Wilson's outstanding round came early Tuesday, but it held up throughout the day to earn the 30-year-old from England the Payne Stewart Silver Salver emblematic of the low individual score in the second round.
Lake Nona also featured Ross Fisher, Retief Goosen, Peter Hanson, Graeme McDowell and Henrik Stenson. Each player on Team Lake Nona shot under-par rounds. Stenson contributed with a 4-under 68, while Goosen had a 71, Hanson a 70, McDowell a 70 and Fisher a 70.
Lake Nona finished 43-under, while Albany, a new entry this year, ended up in second at 27-under; Isleworth 25-under; and the fourth new club in the competition, Queenswood, a new luxury resort community in The Bahamas, 18-under.
The Queenwood group included Thomas Bjorn, Darren Clarke, David Howell, Soren Kjeldsen, Paul McGinley and Adam Scott, who carded a 5-under 67.
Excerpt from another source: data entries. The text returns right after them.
(* In the setting of the context (with assumptions (A.1)–(A.3)), suppose the PMM generates infinite sequences $\{(u_k,v_k)\}$, $\{(z_k,w_k)\}$, $\{\gamma_k\}$, $\{\rho_k\}$, and define $x_k=z_{k-1}+\lambda w_{k-1}+\lambda(Cv_k-d)$ and $y_k=x_k-\lambda(w_{k-1}-Mu_k)$. Let $d_0$ be the distance from $(z_0,w_0)$ to the set $S_e(\partial h_1,\partial h_2)$ and $\tau=\min\{\lambda,1/\lambda\}$. Then for all $k=1,2,\dots$, $$0\in\partial g(v_k)+C^*x_k,\qquad 0\in\partial f(u_k)+M^*y_k,$$ and there exists an index $1\le i\le k$ such that $$\|Mu_i+Cv_i-d\|\le\frac{2d_0}{(1-\bar\rho)\tau\sqrt k},\qquad \|x_i-y_i\|\le\frac{2d_0}{(1-\bar\rho)\tau\sqrt k}.$$
   Context: Let $f:\mathbb{R}^{m_1}\to(-\infty,\infty]$, $g:\mathbb{R}^{m_2}\to(-\infty,\infty]$ be proper closed convex, $M:\mathbb{R}^{m_1}\to\mathbb{R}^n$, $C:\mathbb{R}^{m_2}\to\mathbb{R}^n$ linear, $d\in\mathbb{R}^n$; consider $\min\{f(u)+g(v):Mu+Cv=d\}$ with Lagrangian $L(u,v,z)=f(u)+g(v)+\langle Mu+Cv-d,z\rangle$. A saddle point is $(u^*,v^*,z^* )$ with $L(u^*,v^*,z^* )$ finite and $\min_{(u,v)}L(u,v,z^* )=L(u^*,v^*,z^* )=\max_zL(u^*,v^*,z)$. Let $h_1(z)=f^*(-M^*z)$, $h_2(z)=g^*(-C^*z)+\langle d,z\rangle$ ($^*$ on functions = Fenchel conjugate, on operators = adjoint), and $S_e(\partial h_1,\partial h_2)=\{(z,w)\in\mathbb{R}^n\times\mathbb{R}^n:-w\in\partial h_1(z),\ w\in\partial h_2(z)\}$ (a closed convex set). Standing assumptions: (A.1) $L$ has a saddle point; (A.2) $\mathrm{ri}(\mathrm{dom} f^* )\cap\mathrm{range}(M^* )\ne\emptyset$; (A.3) $\mathrm{ri}(\mathrm{dom} g^* )\cap\mathrm{range}(C^* )\ne\emptyset$. PMM: given $(z_0,w_0)\in\mathbb{R}^n\times\mathbb{R}^n$, $\lambda>0$, $\bar\rho\in[0,1)$, for $k=1,2,\dots$: (1) let $v_k$ be a minimizer of $g(v)+\langle z_{k-1}+\lambda w_{k-1},Cv-d\rangle+\frac\lambda2\|Cv-d\|^2$ and $u_k$ a minimizer of $f(u)+\langle z_{k-1}+\lambda(Cv_k-d),Mu\rangle+\frac\lambda2\|Mu\|^2$; (2) if $\|Mu_k+Cv_k-d\|+\|Mu_k-w_{k-1}\|=0$ stop; otherwise set $\gamma_k=\dfrac{\lambda\|Cv_k-d+w_{k-1}\|^2+\lambda\langle d-Cv_k-Mu_k,w_{k-1}-Mu_k\rangle}{\|Mu_k+Cv_k-d\|^2+\lambda^2\|Mu_k-w_{k-1}\|^2}$; (3) choose $\rho_k\in[1-\bar\rho,1+\bar\rho]$ and set $z_k=z_{k-1}+\rho_k\gamma_k(Mu_k+Cv_k-d)$, $w_k=w_{k-1}-\rho_k\gamma_k\lambda(w_{k-1}-Mu_k)$. *)

theory Defs
  imports "HOL-Analysis.Analysis"
begin

definition proper_fun :: "('a::euclidean_space \<Rightarrow> ereal) \<Rightarrow> bool" where
  "proper_fun f \<longleftrightarrow> (\<forall>x. f x \<noteq> -\<infinity>) \<and> (\<exists>x. f x \<noteq> \<infinity>)"

definition epigraph :: "('a::euclidean_space \<Rightarrow> ereal) \<Rightarrow> ('a \<times> real) set" where
  "epigraph f = {(x, t). f x \<le> ereal t}"

definition convex_fun :: "('a::euclidean_space \<Rightarrow> ereal) \<Rightarrow> bool" where
  "convex_fun f \<longleftrightarrow> convex (epigraph f)"

definition closed_fun :: "('a::euclidean_space \<Rightarrow> ereal) \<Rightarrow> bool" where
  "closed_fun f \<longleftrightarrow> closed (epigraph f)"

definition proper_closed_convex :: "('a::euclidean_space \<Rightarrow> ereal) \<Rightarrow> bool" where
  "proper_closed_convex f \<longleftrightarrow> proper_fun f \<and> closed_fun f \<and> convex_fun f"

definition effdom :: "('a::euclidean_space \<Rightarrow> ereal) \<Rightarrow> 'a set" where
  "effdom f = {x. f x < \<infinity>}"

definition fconj :: "('a::euclidean_space \<Rightarrow> ereal) \<Rightarrow> 'a \<Rightarrow> ereal" where
  "fconj f y = (SUP x. ereal (y \<bullet> x) - f x)"

definition subdiff :: "('a::euclidean_space \<Rightarrow> ereal) \<Rightarrow> 'a \<Rightarrow> 'a set" where
  "subdiff f x = {s. \<bar>f x\<bar> \<noteq> \<infinity> \<and> (\<forall>y. f y \<ge> f x + ereal (s \<bullet> (y - x)))}"

definition lagr :: "('a::euclidean_space \<Rightarrow> ereal) \<Rightarrow> ('b::euclidean_space \<Rightarrow> ereal)
    \<Rightarrow> ('a \<Rightarrow> 'c::euclidean_space) \<Rightarrow> ('b \<Rightarrow> 'c) \<Rightarrow> 'c \<Rightarrow> 'a \<Rightarrow> 'b \<Rightarrow> 'c \<Rightarrow> ereal" where
  "lagr f g M C d u v z = f u + g v + ereal ((M u + C v - d) \<bullet> z)"

definition saddle_point :: "('a::euclidean_space \<Rightarrow> ereal) \<Rightarrow> ('b::euclidean_space \<Rightarrow> ereal)
    \<Rightarrow> ('a \<Rightarrow> 'c::euclidean_space) \<Rightarrow> ('b \<Rightarrow> 'c) \<Rightarrow> 'c \<Rightarrow> 'a \<Rightarrow> 'b \<Rightarrow> 'c \<Rightarrow> bool" where
  "saddle_point f g M C d u' v' z' \<longleftrightarrow>
     \<bar>lagr f g M C d u' v' z'\<bar> \<noteq> \<infinity> \<and>
     (\<forall>u v. lagr f g M C d u' v' z' \<le> lagr f g M C d u v z') \<and>
     (\<forall>z. lagr f g M C d u' v' z \<le> lagr f g M C d u' v' z')"

definition h1fun :: "('a::euclidean_space \<Rightarrow> ereal) \<Rightarrow> ('a \<Rightarrow> 'c::euclidean_space) \<Rightarrow> 'c \<Rightarrow> ereal" where
  "h1fun f M z = fconj f (- adjoint M z)"

definition h2fun :: "('b::euclidean_space \<Rightarrow> ereal) \<Rightarrow> ('b \<Rightarrow> 'c::euclidean_space) \<Rightarrow> 'c \<Rightarrow> 'c \<Rightarrow> ereal" where
  "h2fun g C d z = fconj g (- adjoint C z) + ereal (d \<bullet> z)"

definition Se :: "('c::euclidean_space \<Rightarrow> ereal) \<Rightarrow> ('c \<Rightarrow> ereal) \<Rightarrow> ('c \<times> 'c) set" where
  "Se h1 h2 = {(z, w). - w \<in> subdiff h1 z \<and> w \<in> subdiff h2 z}"

end

theory Submission
  imports Defs
begin

text \<open>
  The optimality conditions of the two subproblems say \<open>- C\<^sup>* (x k) \<in> \<partial>g (v k)\<close> and
  \<open>- M\<^sup>* (y k) \<in> \<partial>f (u k)\<close>; by Fenchel--Young they become \<open>d - C (v k) \<in> \<partial>h\<^sub>2 (x k)\<close>
  and \<open>- M (u k) \<in> \<partial>h\<^sub>1 (y k)\<close>. Adding the monotonicity inequalities of \<open>\<partial>h\<^sub>1\<close> and
  \<open>\<partial>h\<^sub>2\<close> against a point of \<open>S\<^sub>e\<close> shows that \<open>(z k, w k)\<close> is a relaxed projection step
  towards \<open>S\<^sub>e\<close>: with \<open>G k = \<parallel>M (u k) + C (v k) - d\<parallel>\<^sup>2 + lam\<^sup>2 \<parallel>M (u k) - w (k - 1)\<parallel>\<^sup>2\<close>,
  the squared distance to every point of \<open>S\<^sub>e\<close> drops by
  \<open>rho k (2 - rho k) (gam k)\<^sup>2 G k \<ge> ((1 - rhobar) tau / 2)\<^sup>2 G k\<close>, because \<open>gam k \<ge> tau / 2\<close>.
  Telescoping from \<open>(z 0, w 0)\<close> bounds \<open>k min\<^sub>i\<^sub>\<le>\<^sub>k G i\<close> by \<open>(2 d0 / ((1 - rhobar) tau))\<^sup>2\<close>,
  and both residuals are at most \<open>sqrt (G i)\<close>.
  Only properness and convexity of \<open>f\<close>, \<open>g\<close> and the saddle point (A.1) are used.
\<close>

lemma subdiffI:
  assumes "h x = ereal c" and "\<And>y. ereal (c + s \<bullet> (y - x)) \<le> h y"
  shows "s \<in> subdiff h x"
  using assms unfolding subdiff_def by auto

lemma subdiffE:
  assumes "s \<in> subdiff h x"
  obtains c where "h x = ereal c" and "\<And>y. ereal (c + s \<bullet> (y - x)) \<le> h y"
proof -
  from assms obtain c where "h x = ereal c" unfolding subdiff_def by (cases "h x") auto
  with assms show thesis unfolding subdiff_def by (intro that) auto
qed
Isleworth, whose squad included Robert Allenby, Stuart Appleby, Brian Davis, J.B. Holmes, Lee Janzen and Sean O'Hair, combined to shoot 30-under par in Monday's best-ball format to take a two-stroke lead. But the home team couldn't sustain that margin, although Allenby had a 6-under 66 to finish behind Wilson for Tuesday's low round.
Albany, an upscale club outside London, boasted Arjun Atwal, Ernie Els, Tiger Woods, Ian Poulter, Justin Rose and Trevor Immelman. Poulter had his team's low score, a 67. Woods played for Albany even though Isleworth is his home club.
Woods, who birdied the par-4 18th hole for a 3-under 69, enjoys the annual competition and, especially this year, his pairing with the gregarious Irishman, Clarke. The two bantered back and forth all round long.
"The camaraderie is great - these are all good guys," Woods said during a greenside interview. "There was some serious needling out there today."
Reigning U.S. Open champion McDowell, a native of Northern Ireland, relished the challenge of going against the world's best players and was happy with his round. "The game's simmering a bit," McDowell said before the awards ceremony. "Looking forward to the next couple of weeks."
One of the tournaments on McDowell's upcoming schedule is, of course, the Masters in April. The Tavistock Cup serves as a good primer for the competition that he - and the rest of the players - will find in the first major of the year.
Of the Masters, Woods added, "I've always loved playing there. I can't wait."
The 2012 Tavistock Cup may add another four teams.